Models we don't recommend (for agent work)

Bandit is an autonomous agent harness — it expects the model to discover repo structure, plan edits, and emit tool calls without being hand-held. Some otherwise-impressive models aren't trained for that workflow and produce unexpected results:

  • gpt-oss:120b and other reasoning-tuned models — post-trained for OpenAI's harmony tool-call format, not the XML/native protocols Bandit uses. Tends to narrate intent ("I'll search for the controllers...") without ever emitting an actual tool call. Great for math/reasoning Q&A in chat; poor for filesystem agent loops.
  • qwen2.5-coder:32b and other code-completion-tuned models — post-trained for "given context, write code" benchmarks. On ambiguous prompts it asks the user for paths instead of probing the workspace itself. Solid pick if you give it concrete, fully-specified tasks; underwhelming as an autonomous agent.
  • qwen3.6:35b — the larger Qwen 3.6 variant stalls in reasoning-only output and ignores the harness's "act now" nudges. The 27B is the better production pick from this family.
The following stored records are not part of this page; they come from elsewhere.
lemma differentiable_on_bilinear:
  assumes U: "open U" and pr: "bounded_bilinear pr"
    and F: "F differentiable_on U" and G: "G differentiable_on U"
  shows "(\<lambda>q. pr (F q) (G q)) differentiable_on U"
  unfolding differentiable_on_eq_differentiable_at[OF U]
proof
  fix q
  assume "q \<in> U"
  then have "F differentiable (at q)" "G differentiable (at q)"
    using F G U differentiable_on_eq_differentiable_at by blast+
  then show "(\<lambda>q. pr (F q) (G q)) differentiable (at q)"
    by (rule differentiableI[OF bilinear_has_derivative_frechet[OF pr]])
qed

lemma linear_eq_sum_Basis:
  assumes "linear L"
  shows "L x = (\<Sum>b\<in>Basis. (x \<bullet> b) *\<^sub>R L b)"
proof -
  have "L x = L (\<Sum>b\<in>Basis. (x \<bullet> b) *\<^sub>R b)" by (simp add: euclidean_representation)
  also have "\<dots> = (\<Sum>b\<in>Basis. (x \<bullet> b) *\<^sub>R L b)"
    using assms by (simp add: linear_sum linear_scale)
  finally show ?thesis .
qed

lemma bilinear_eq_sum_Basis:
  fixes B :: "'a::euclidean_space \<Rightarrow> 'a \<Rightarrow> real"
  assumes "bilinear B"
  shows "B y z = (\<Sum>i\<in>Basis. \<Sum>j\<in>Basis. (y \<bullet> i) * (z \<bullet> j) * B i j)"
proof -
  have lin: "linear (\<lambda>y. B y z)" "linear (B i)" for i z
    using assms unfolding bilinear_def by blast+
  have "B y z = (\<Sum>i\<in>Basis. (y \<bullet> i) * B i z)"
    using linear_eq_sum_Basis[OF lin(1), of y] by simp
  also have "\<dots> = (\<Sum>i\<in>Basis. (y \<bullet> i) * (\<Sum>j\<in>Basis. (z \<bullet> j) * B i j))"
  proof -
    have "B i z = (\<Sum>j\<in>Basis. (z \<bullet> j) * B i j)" for i
      using linear_eq_sum_Basis[OF lin(2)[of i], of z] by simp
    then show ?thesis by simp
  qed
  finally show ?thesis by (simp add: sum_distrib_left mult.assoc)
qed

lemma bilinear_sum_Basis:
  fixes c :: "'a::euclidean_space \<Rightarrow> 'a \<Rightarrow> real"
  shows "bilinear (\<lambda>y z. \<Sum>i\<in>Basis. \<Sum>j\<in>Basis. (y \<bullet> i) * (z \<bullet> j) * c i j)"
  unfolding bilinear_def
proof (intro conjI allI linearI)
  show "(\<Sum>i\<in>Basis. \<Sum>j\<in>Basis. (y \<bullet> i) * ((z1 + z2) \<bullet> j) * c i j)
    = (\<Sum>i\<in>Basis. \<Sum>j\<in>Basis. (y \<bullet> i) * (z1 \<bullet> j) * c i j)
      + (\<Sum>i\<in>Basis. \<Sum>j\<in>Basis. (y \<bullet> i) * (z2 \<bullet> j) * c i j)" for y z1 z2
    by (simp add: sum.distrib algebra_simps)
  show "(\<Sum>i\<in>Basis. \<Sum>j\<in>Basis. ((y1 + y2) \<bullet> i) * (z \<bullet> j) * c i j)
    = (\<Sum>i\<in>Basis. \<Sum>j\<in>Basis. (y1 \<bullet> i) * (z \<bullet> j) * c i j)
      + (\<Sum>i\<in>Basis. \<Sum>j\<in>Basis. (y2 \<bullet> i) * (z \<bullet> j) * c i j)" for y1 y2 z
    by (simp add: sum.distrib algebra_simps)
  show "(\<Sum>i\<in>Basis. \<Sum>j\<in>Basis. (y \<bullet> i) * ((r *\<^sub>R z) \<bullet> j) * c i j)
    = r *\<^sub>R (\<Sum>i\<in>Basis. \<Sum>j\<in>Basis. (y \<bullet> i) * (z \<bullet> j) * c i j)" for y z r
    by (simp add: sum_distrib_left algebra_simps)
  show "(\<Sum>i\<in>Basis. \<Sum>j\<in>Basis. ((r *\<^sub>R y) \<bullet> i) * (z \<bullet> j) * c i j)
    = r *\<^sub>R (\<Sum>i\<in>Basis. \<Sum>j\<in>Basis. (y \<bullet> i) * (z \<bullet> j) * c i j)" for y z r
    by (simp add: sum_distrib_left algebra_simps)
qed

section \<open>Smooth maps\<close>

(* smooth_on bounds all orders at once; bounding the order makes closure properties provable
   by induction. *)
fun iter_differentiable_on :: "nat \<Rightarrow> 'a::euclidean_space set \<Rightarrow> ('a \<Rightarrow> 'b::real_normed_vector) \<Rightarrow> bool" where
  "iter_differentiable_on 0 U F \<longleftrightarrow> F differentiable_on U"
| "iter_differentiable_on (Suc n) U F \<longleftrightarrow>
     F differentiable_on U \<and> (\<forall>v. iter_differentiable_on n U (dderiv v F))"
If you want to test models outside the recommended list, expect the harness's reasoning-only / narrate-but-no-action / partial-completion detectors to fire frequently. Those are signal, not noise — they mean the model isn't a great fit for autonomous agent work.


Live UX touches

Small affordances we ship in both the CLI and the side-panel composer:

  • ? shortcuts overlay (CLI). Type ? at an empty prompt and a keyboard cheatsheet pops above the input — input triggers, hotkey chords, common slash commands. Backspace it and it's gone. Live, no scrollback noise.
  • !-prefix shell escape. Type !cmd to run something straight in the shell:
    • CLI — first use shows a full warning + y/N gate; every call after gets a yellow box reminding you the command bypasses the agent's allow-list and approval gate.
    • Extension — typing ! lights up a yellow SHELL MODE banner above the composer with the field border tinted amber. Submitting opens the integrated terminal (Bandit · shell) and runs the command there with full TTY access — exactly what create-vite, ng new, or any other interactive scaffolder needs.
  • Queue while streaming. Both the CLI and the side-panel composer accept new prompts while the agent is mid-turn. The CLI status bar shows queued: N · Esc to stop; the composer shows a N queued · sends after this turn pill below the textarea. Stop the active turn (Esc in CLI, Stop button in composer) and the queue clears with it.
  • Live command output. npm install, pip install, cargo build, watch_command npm run dev — anything that takes more than a few seconds streams its output to your terminal as it arrives, dimmed, while the spinner keeps animating. No more wondering if a 20-second npm install is hung.
  • /insights report. A self-contained HTML report — rolling activity, tool-usage stats, languages touched, longest streak, peak day, top errors, optional AI-generated "what you shipped" / "where Bandit got in your way" summary. Built from your local session + turn logs; nothing leaves your machine unless you ship the HTML yourself or click the Share mailto button.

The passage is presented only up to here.